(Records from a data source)
########

(* No deterministic online scheduler for the serial-parallel scheduling problem on $p$ processors has awake-time competitive ratio smaller than $\phi-1/p$, where $\phi=(1+\sqrt5)/2$ is the golden ratio: for every such scheduler there is a task arrival process on which its awake time is at least $(\phi-1/p)$ times the optimal offline awake time.
   Context: Serial-parallel scheduling problem: $p$ identical processors. A task arrival process is a finite set of tasks $\tau_i=(\sigma_i,\pi_i,t_i)$ with arrival time $t_i\ge0$, serial work $\sigma_i$ and parallel work $\pi_i$, $1\le\pi_i/\sigma_i\le p$. A task is performed either by its serial job (work $\sigma_i$, at most one processor at any instant) or by its parallel job (work $\pi_i$, any number of processors, rate equal to number of processors); time is continuous, allocations may be fractional via time sharing, preemption is allowed, and the choice of implementation is irrevocable once the task is started (the scheduler may delay starting a task). A task is alive from arrival until completion; awake time is the measure of the set of times at which some task is alive. An online scheduler learns about a task only at its arrival; the optimal offline schedule knows everything in advance. *)

theory Defs
  imports "HOL-Analysis.Analysis"
begin

type_synonym task = "real \<times> real \<times> real"

definition ser :: "task \<Rightarrow> real" where "ser x = fst x"
definition par_work :: "task \<Rightarrow> real" where "par_work x = fst (snd x)"
definition arr :: "task \<Rightarrow> real" where "arr x = snd (snd x)"

definition valid_task :: "nat \<Rightarrow> task \<Rightarrow> bool" where
  "valid_task p x \<longleftrightarrow> 0 < ser x \<and> ser x \<le> par_work x \<and> par_work x \<le> real p * ser x \<and> 0 \<le> arr x"

definition instance_ok :: "nat \<Rightarrow> task list \<Rightarrow> bool" where
  "instance_ok p I \<longleftrightarrow> (\<forall>x\<in>set I. valid_task p x) \<and> sorted (map arr I)"

text \<open>A schedule: for each task index, the implementation choice (True = parallel job,
  False = serial job) and the processing rate (number of processors, possibly fractional)
  assigned to it at each time.\<close>
type_synonym schedule = "(nat \<Rightarrow> bool) \<times> (nat \<Rightarrow> real \<Rightarrow> real)"

definition work :: "task list \<Rightarrow> (nat \<Rightarrow> bool) \<Rightarrow> nat \<Rightarrow> real" where
  "work I c i = (if c i then par_work (I ! i) else ser (I ! i))"

definition valid_schedule :: "nat \<Rightarrow> task list \<Rightarrow> schedule \<Rightarrow> bool" where
  "valid_schedule p I S \<longleftrightarrow>
     (\<forall>i < length I.
        snd S i \<in> borel_measurable borel
      \<and> (\<forall>s. 0 \<le> snd S i s)
      \<and> (\<forall>s. s < arr (I ! i) \<longrightarrow> snd S i s = 0)
      \<and> (\<not> fst S i \<longrightarrow> (\<forall>s. snd S i s \<le> 1))
      \<and> (\<exists>T. work I (fst S) i \<le> integral {arr (I ! i)..T} (snd S i)))
   \<and> (\<forall>s. (\<Sum>i<length I. snd S i s) \<le> real p)"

########

Problem to solve = Using the entries above, return each line that includes the word "longleftrightarrow".

Output for this exercise =
  "valid_task p x \<longleftrightarrow> 0 < ser x \<and> ser x \<le> par_work x \<and> par_work x \<le> real p * ser x \<and> 0 \<le> arr x"
  "instance_ok p I \<longleftrightarrow> (\<forall>x\<in>set I. valid_task p x) \<and> sorted (map arr I)"
  "valid_schedule p I S \<longleftrightarrow>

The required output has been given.